-- THE INPUT follows --

definition cseq :: "nat \<Rightarrow> complex \<Rightarrow> complex \<Rightarrow> complex \<Rightarrow> complex" where
  "cseq n a b q = qpoch b q n / qpoch a q n"

definition dhank :: "nat \<Rightarrow> nat \<Rightarrow> complex \<Rightarrow> complex \<Rightarrow> complex \<Rightarrow> complex" where
  "dhank n m a b q = det (mat n n (\<lambda>(i, j). cseq (i + j + m) a b q))"

end

theory Submission
  imports Defs
begin

(* Let H = (c(i+j))_{i,j<n} and let w_{k,j} be the coefficients of \<Prod>_{t<k} (z - q^t).
   Multiplying H on the left by the unit lower triangular matrix with rows
   \<alpha>_{k,j} = w_{k,j} (q^j b;q)_{k-j} / (q^{k-1+j} a;q)_{k-j} turns the (k,i) entry into
   (b;q)_k / (a;q)_{2k-1} times \<Sum>_j w_{k,j} p(q^j) for a polynomial p of degree k - 1 when i < k.
   This vanishes, since \<Sum>_j w_{k,j} q^{jm} = \<Prod>_t (q^m - q^t) = 0 for m < k, so the product is
   upper triangular and d(n,0) is the product of its diagonal entries.  A diagonal entry is a sum
   \<Sum>_j w_{k,j} p(q^j) / (1 - q^j A) with deg p = k, evaluated by the partial fraction identity
   \<Sum>_j w_{k,j} q^{jm} / (1 - q^j A) = (-1)^k q^{k(k-1)/2} (q;q)_k A^{k-m} / (A;q)_{k+1}.
   For m > 0, c(k+1;a,b) = c(1;a,b) c(k;qa,qb) gives d(n,m+1;a,b) = c(1;a,b)^n d(n,m;qa,qb),
   and the second formula follows by induction on m from the first. *)

subsection \<open>\<open>q\<close>-Pochhammer symbols\<close>

lemma qpoch_0 [simp]: "qpoch x q 0 = 1"
  by (simp add: qpoch_def)

lemma qpoch_Suc: "qpoch x q (Suc n) = qpoch x q n * (1 - q ^ n * x)"
  by (simp add: qpoch_def)

lemma qpoch_add: "qpoch x q (m + n) = qpoch x q m * qpoch (q ^ m * x) q n"
  by (induction n) (auto simp: qpoch_Suc power_add mult_ac)

lemma qpoch_Suc_left: "qpoch x q (Suc n) = (1 - x) * qpoch (q * x) q n"
  using qpoch_add[of x q 1 n] by (simp add: qpoch_def)

lemma qpoch_shift_neq_0:
  assumes "qpoch a q N \<noteq> 0" and "s + r \<le> N"
  shows "qpoch (q ^ s * a) q r \<noteq> 0"
proof -
  obtain d where N: "N = (s + r) + d"
    using assms(2) le_add_diff_inverse by metis
  have "qpoch a q N = qpoch a q s * qpoch (q ^ s * a) q r * qpoch (q ^ (s + r) * a) q d"
    unfolding N qpoch_add by simp
  with assms(1) show ?thesis by auto
qed

lemma qpoch_neq_0_le: "qpoch a q N \<noteq> 0 \<Longrightarrow> r \<le> N \<Longrightarrow> qpoch a q r \<noteq> 0"
  using qpoch_shift_neq_0[of a q N 0 r] by simp

lemma qpoch_factor_neq_0: "qpoch a q N \<noteq> 0 \<Longrightarrow> t < N \<Longrightarrow> 1 - q ^ t * a \<noteq> 0"
  unfolding qpoch_def by auto

lemma choose_two_Suc: "Suc k choose 2 = (k choose 2) + k"
  by (simp add: numeral_2_eq_2)

lemma prod_power_lessThan: "(\<Prod>s<k. (q::'a::comm_monoid_mult) ^ s) = q ^ (k choose 2)"
  by (induction k) (simp_all add: choose_two_Suc power_add numeral_2_eq_2 mult_ac)

lemma sum_choose_two_atLeast1: "(\<Sum>k = 1..n - 1. k choose 2) = n choose 3"
proof (cases n)
  case (Suc m)
  have "(\<Sum>k = 1..m. k choose 2) = (\<Sum>k\<le>m. k choose 2)"
    by (simp add: atMost_atLeast0 sum.atLeast_Suc_atMost numeral_2_eq_2)
  also have "\<dots> = Suc m choose 3"
    by (simp add: sum_choose_upper numeral_3_eq_3)
  finally show ?thesis using Suc by simp
qed simp

subsection \<open>Coefficients of \<open>\<Prod>t<k. z - q^t\<close>\<close>

fun qroot_coeff :: "complex \<Rightarrow> nat \<Rightarrow> nat \<Rightarrow> complex" where
  "qroot_coeff q 0 j = (if j = 0 then 1 else 0)"
| "qroot_coeff q (Suc k) j =
     (if j = 0 then 0 else qroot_coeff q k (j - 1)) - q ^ k * qroot_coeff q k j"

lemma qroot_coeff_eq_0: "k < j \<Longrightarrow> qroot_coeff q k j = 0"
  by (induction k arbitrary: j) auto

-- THE INPUT concluded --

- [EXERCISE DESCRIPTION]
Transcribe the data above so that every line matches exactly.

- [RESPONSE BOX]
definition cseq :: "nat \<Rightarrow> complex \<Rightarrow> complex \<Rightarrow> complex \<Rightarrow> complex" where
  "cseq n a b q = qpoch b q n / qpoch a q n"

definition dhank :: "nat \<Rightarrow> nat \<Rightarrow> complex \<Rightarrow> complex \<Rightarrow> complex \<Rightarrow> complex" where
  "dhank n m a b q = det (mat n n (\<lambda>(i, j). cseq (i + j + m) a b q))"

end

theory Submission
  imports Defs
begin

(* Let H = (c(i+j))_{i,j<n} and let w_{k,j} be the coefficients of \<Prod>_{t<k} (z - q^t).
   Multiplying H on the left by the unit lower triangular matrix with rows
   \<alpha>_{k,j} = w_{k,j} (q^j b;q)_{k-j} / (q^{k-1+j} a;q)_{k-j} turns the (k,i) entry into
   (b;q)_k / (a;q)_{2k-1} times \<Sum>_j w_{k,j} p(q^j) for a polynomial p of degree k - 1 when i < k.
   This vanishes, since \<Sum>_j w_{k,j} q^{jm} = \<Prod>_t (q^m - q^t) = 0 for m < k, so the product is
   upper triangular and d(n,0) is the product of its diagonal entries.  A diagonal entry is a sum
   \<Sum>_j w_{k,j} p(q^j) / (1 - q^j A) with deg p = k, evaluated by the partial fraction identity
   \<Sum>_j w_{k,j} q^{jm} / (1 - q^j A) = (-1)^k q^{k(k-1)/2} (q;q)_k A^{k-m} / (A;q)_{k+1}.
   For m > 0, c(k+1;a,b) = c(1;a,b) c(k;qa,qb) gives d(n,m+1;a,b) = c(1;a,b)^n d(n,m;qa,qb),
   and the second formula follows by induction on m from the first. *)

subsection \<open>\<open>q\<close>-Pochhammer symbols\<close>

lemma qpoch_0 [simp]: "qpoch x q 0 = 1"
  by (simp add: qpoch_def)

lemma qpoch_Suc: "qpoch x q (Suc n) = qpoch x q n * (1 - q ^ n * x)"
  by (simp add: qpoch_def)

lemma qpoch_add: "qpoch x q (m + n) = qpoch x q m * qpoch (q ^ m * x) q n"
  by (induction n) (auto simp: qpoch_Suc power_add mult_ac)

lemma qpoch_Suc_left: "qpoch x q (Suc n) = (1 - x) * qpoch (q * x) q n"
  using qpoch_add[of x q 1 n] by (simp add: qpoch_def)

lemma qpoch_shift_neq_0:
  assumes "qpoch a q N \<noteq> 0" and "s + r \<le> N"
  shows "qpoch (q ^ s * a) q r \<noteq> 0"
proof -
  obtain d where N: "N = (s + r) + d"
    using assms(2) le_add_diff_inverse by metis
  have "qpoch a q N = qpoch a q s * qpoch (q ^ s * a) q r * qpoch (q ^ (s + r) * a) q d"
    unfolding N qpoch_add by simp
  with assms(1) show ?thesis by auto
qed

lemma qpoch_neq_0_le: "qpoch a q N \<noteq> 0 \<Longrightarrow> r \<le> N \<Longrightarrow> qpoch a q r \<noteq> 0"
  using qpoch_shift_neq_0[of a q N 0 r] by simp

lemma qpoch_factor_neq_0: "qpoch a q N \<noteq> 0 \<Longrightarrow> t < N \<Longrightarrow> 1 - q ^ t * a \<noteq> 0"
  unfolding qpoch_def by auto

lemma choose_two_Suc: "Suc k choose 2 = (k choose 2) + k"
  by (simp add: numeral_2_eq_2)

lemma prod_power_lessThan: "(\<Prod>s<k. (q::'a::comm_monoid_mult) ^ s) = q ^ (k choose 2)"
  by (induction k) (simp_all add: choose_two_Suc power_add numeral_2_eq_2 mult_ac)

lemma sum_choose_two_atLeast1: "(\<Sum>k = 1..n - 1. k choose 2) = n choose 3"
proof (cases n)
  case (Suc m)
  have "(\<Sum>k = 1..m. k choose 2) = (\<Sum>k\<le>m. k choose 2)"
    by (simp add: atMost_atLeast0 sum.atLeast_Suc_atMost numeral_2_eq_2)
  also have "\<dots> = Suc m choose 3"
    by (simp add: sum_choose_upper numeral_3_eq_3)
  finally show ?thesis using Suc by simp
qed simp

subsection \<open>Coefficients of \<open>\<Prod>t<k. z - q^t\<close>\<close>

fun qroot_coeff :: "complex \<Rightarrow> nat \<Rightarrow> nat \<Rightarrow> complex" where
  "qroot_coeff q 0 j = (if j = 0 then 1 else 0)"
| "qroot_coeff q (Suc k) j =
     (if j = 0 then 0 else qroot_coeff q k (j - 1)) - q ^ k * qroot_coeff q k j"

lemma qroot_coeff_eq_0: "k < j \<Longrightarrow> qroot_coeff q k j = 0"
  by (induction k arbitrary: j) auto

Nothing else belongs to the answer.